text \<open>The value \<open>2k + 1\<close> is kept from lowering its bid to \<open>k\<close> only if more than three
  further values pool at \<open>k + 1\<close>; then the value \<open>2k + 4\<close> prefers \<open>k + 2\<close>.\<close>

lemma bid_double_Suc_ne_Suc_of_le_two:
  assumes "1 \<le> k" and "k \<le> 2" and half_below: "\<forall>v < 2 * k. \<beta> v = v div 2"
    and "2 * k + 1 \<le> x" and "\<beta> (2 * k) = k" and "\<beta> (2 * k + 1) = k + 1"
  shows False
proof -
  define K c where "K = real k" and "c = L (k + 2) - (2 * K + 1)"
  have "count_below x \<beta> k = 2 * k"
    using half_below assms(4,5) by (intro count_below_eq_if_mono[OF mono_on_bids]) auto
  moreover have "count_below x \<beta> (k + 1) = 2 * k + 1"
    using half_below assms(4-6)
    by (intro count_below_eq_if_mono[OF mono_on_bids]) (auto simp: less_Suc_eq)
  ultimately have L_half: "L k = 2 * K" "L (k + 1) = 2 * K + 1"
    unfolding K_def by simp_all
  have "(real (2 * k + 1) - real k) * (L k + L (Suc k)) \<le> real k * (L (k + 1) + L (Suc (k + 1)))"
    using no_profitable_deviation[of "2 * k + 1" k] assms(4,6) by simp
  then have overbid: "(K + 1) * (4 * K + 1) \<le> K * (4 * K + 2 + c)"
    using L_half unfolding K_def c_def by (simp add: algebra_simps)
  have "3 < c"
  proof (rule ccontr)
    assume "\<not> 3 < c"
    then have "K * c \<le> K * 3"
      unfolding K_def by (intro mult_left_mono) auto
    with overbid show False by (simp add: algebra_simps)
  qed
  then have "2 * k + 1 + 3 < count_below x \<beta> (Suc (\<beta> (2 * k + 1)))"
    using assms(6) unfolding c_def K_def by simp
  then have "2 * k + 1 + 3 \<le> x \<and> \<beta> (2 * k + 1 + 3) = \<beta> (2 * k + 1)"
    by (rule pooling_if_count_below_Suc_gt[OF mono_on_bids assms(4)])
  then have "2 * k + 4 \<le> x" and pooled: "\<beta> (2 * k + 4) = k + 1"
    using assms(6) by (simp_all add: add.commute)
  have "(real (2 * k + 4) - real (k + 2)) * (L (k + 2) + L (Suc (k + 2))) \<le>
      (real (2 * k + 4) - real (k + 1)) * (L (k + 1) + L (Suc (k + 1)))"
    using no_profitable_deviation[of "2 * k + 4" "k + 2"] \<open>2 * k + 4 \<le> x\<close> pooled by simp
  moreover have "(K + 2) * (2 * L (k + 2)) \<le> (K + 2) * (L (k + 2) + L (Suc (k + 2)))"
    using count_below_mono[of "k + 2" "Suc (k + 2)" x \<beta>] unfolding K_def
    by (intro mult_left_mono) auto
  ultimately have "(K + 2) * (2 * (2 * K + 1 + c)) \<le> (K + 3) * (4 * K + 2 + c)"
    using L_half unfolding K_def c_def by (simp add: algebra_simps)
  then have "(K + 1) * c \<le> 4 * K + 2"
    by (simp add: algebra_simps)
  moreover have "K = 1 \<or> K = 2"
    using assms(1,2) unfolding K_def by auto
  ultimately show False
    using overbid \<open>3 < c\<close> by auto
qed

lemma bid_double_Suc_ne_Suc:
  assumes "1 \<le> k" and half_below: "\<forall>v < 2 * k. \<beta> v = v div 2"
    and "2 * k + 1 \<le> x" and "\<beta> (2 * k) = k"
  shows "\<beta> (2 * k + 1) \<noteq> k + 1"
proof
  assume "\<beta> (2 * k + 1) = k + 1"
  show False
  proof (cases "3 \<le> k")
    case True
    have "count_below x \<beta> (Suc k) = 2 * k + 1"
      using half_below assms(3,4) \<open>\<beta> (2 * k + 1) = k + 1\<close>
      by (intro count_below_eq_if_mono[OF mono_on_bids]) (auto simp: less_Suc_eq)
    with bid_double_pooled[OF True half_below _ assms(4)] assms(3) show False by simp
  next
    case False
    with bid_double_Suc_ne_Suc_of_le_two[OF assms(1) _ half_below assms(3,4)]
      \<open>\<beta> (2 * k + 1) = k + 1\<close> show False by simp
  qed
qed

lemma bid_double:
  assumes "10 \<le> x" and half_below: "\<forall>v < 2 * k. \<beta> v = v div 2" and "2 * k \<le> x"
  shows "\<beta> (2 * k) = k"
proof (cases "k = 0")
  case True
  have "\<beta> 0 \<le> \<beta> 1"
    using assms(1) by (intro mono_onD[OF mono_on_bids]) auto
  with bid_less_value[of 1] assms(1) True show ?thesis by simp
next
  case False
  have "\<beta> (2 * k - 1) \<le> \<beta> (2 * k)"
    using assms(3) by (intro mono_onD[OF mono_on_bids]) auto
  moreover have "\<beta> (2 * k - 1) = k - 1"
    using half_below[rule_format, of "2 * k - 1"] False by simp
  moreover have "\<beta> (2 * k) \<noteq> k - 1"
    using bid_double_ne_pred[OF assms(1) _ half_below assms(3)] False by simp
  moreover have "\<not> k + 1 \<le> \<beta> (2 * k)"
  proof
    assume jump: "k + 1 \<le> \<beta> (2 * k)"
    have "\<beta> w + 1 < \<beta> (2 * k)" if "w < 2 * k" for w
      using that half_below[rule_format, of w] jump by simp
    with no_bid_jump[OF assms(3)] jump False show False by simp
  qed
  ultimately show ?thesis by linarith
qed
lemma le_inv_min:
  assumes "inv_le W W1" "inv_le W W2"
  shows "inv_le W (inv_min W1 W2)"
  unfolding inv_le_def
proof
  fix E assume "E \<in> inv_min W1 W2"
  then consider F where "F \<in> W1" "E = Inl ` F" | F where "F \<in> W2" "E = Inr ` F"
    unfolding inv_min_def by blast
  then show "\<exists>E'\<in>W. |E'| \<le>o |E|"
  proof cases
    case 1
    then obtain E' where "E' \<in> W" "|E'| \<le>o |F|"
      using assms(1) unfolding inv_le_def by blast
    then show ?thesis
      using 1 card_of_ordLeqI[of Inl F "Inl ` F"] ordLeq_transitive by auto
  next
    case 2
    then obtain E' where "E' \<in> W" "|E'| \<le>o |F|"
      using assms(2) unfolding inv_le_def by blast
    then show ?thesis
      using 2 card_of_ordLeqI[of Inr F "Inr ` F"] ordLeq_transitive by auto
  qed
qed

lemma bsigma_le_b:
  assumes "ideal_on_nat I"
  shows "inv_le (bsigma_wit I) b_wit"
proof (rule inv_le_image[where \<phi> = "\<lambda>f n. {..\<Sum>i\<le>n. f i}"])
  fix F assume F: "F \<in> b_wit"
  let ?\<E> = "(\<lambda>f n. {..\<Sum>i\<le>n. f i}) ` F"
  have "(\<lambda>n. {..\<Sum>i\<le>n. f i}) \<in> Mseq I" for f :: "nat \<Rightarrow> nat"
    using assms by (simp add: Mseq_def ideal_finite)
  then have "?\<E> \<subseteq> Mseq I"
    by blast
  moreover have "\<exists>E\<in>?\<E>. infinite {n. \<not> E n \<subseteq> A n}" if "A \<in> Mseq I" for A
  proof -
    have "\<forall>n. \<exists>x. x \<notin> A n"
      using that ideal_ne_UNIV[OF assms] unfolding Mseq_def by blast
    then obtain h where h: "\<And>n. h n \<notin> A n"
      by metis
    obtain f where f: "f \<in> F" "\<not> le_star f h"
      using F unfolding b_wit_def by blast
    have "\<exists>n\<ge>m. n \<in> {n. \<not> {..\<Sum>i\<le>n. f i} \<subseteq> A n}" for m
    proof -
      obtain n where "n \<ge> m" "h n < f n"
        using f(2) unfolding le_star_def by (meson not_le)
      moreover have "f n \<le> (\<Sum>i\<le>n. f i)"
        by (rule member_le_sum) auto
      ultimately have "h n \<in> {..\<Sum>i\<le>n. f i}"
        by simp
      then show ?thesis
        using h[of n] \<open>n \<ge> m\<close> by blast
    qed
    then have "infinite {n. \<not> {..\<Sum>i\<le>n. f i} \<subseteq> A n}"
      unfolding infinite_nat_iff_unbounded_le by blast
    then show ?thesis
      using f(1) by (intro bexI[of _ "\<lambda>n. {..\<Sum>i\<le>n. f i}"]) auto
  qed
  ultimately show "?\<E> \<in> bsigma_wit I"
    unfolding bsigma_wit_def by blast
qed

== == ==

Going through the records above line by line, tally those with the word "lambda" and answer with the number only.

• [Exercise solution] 4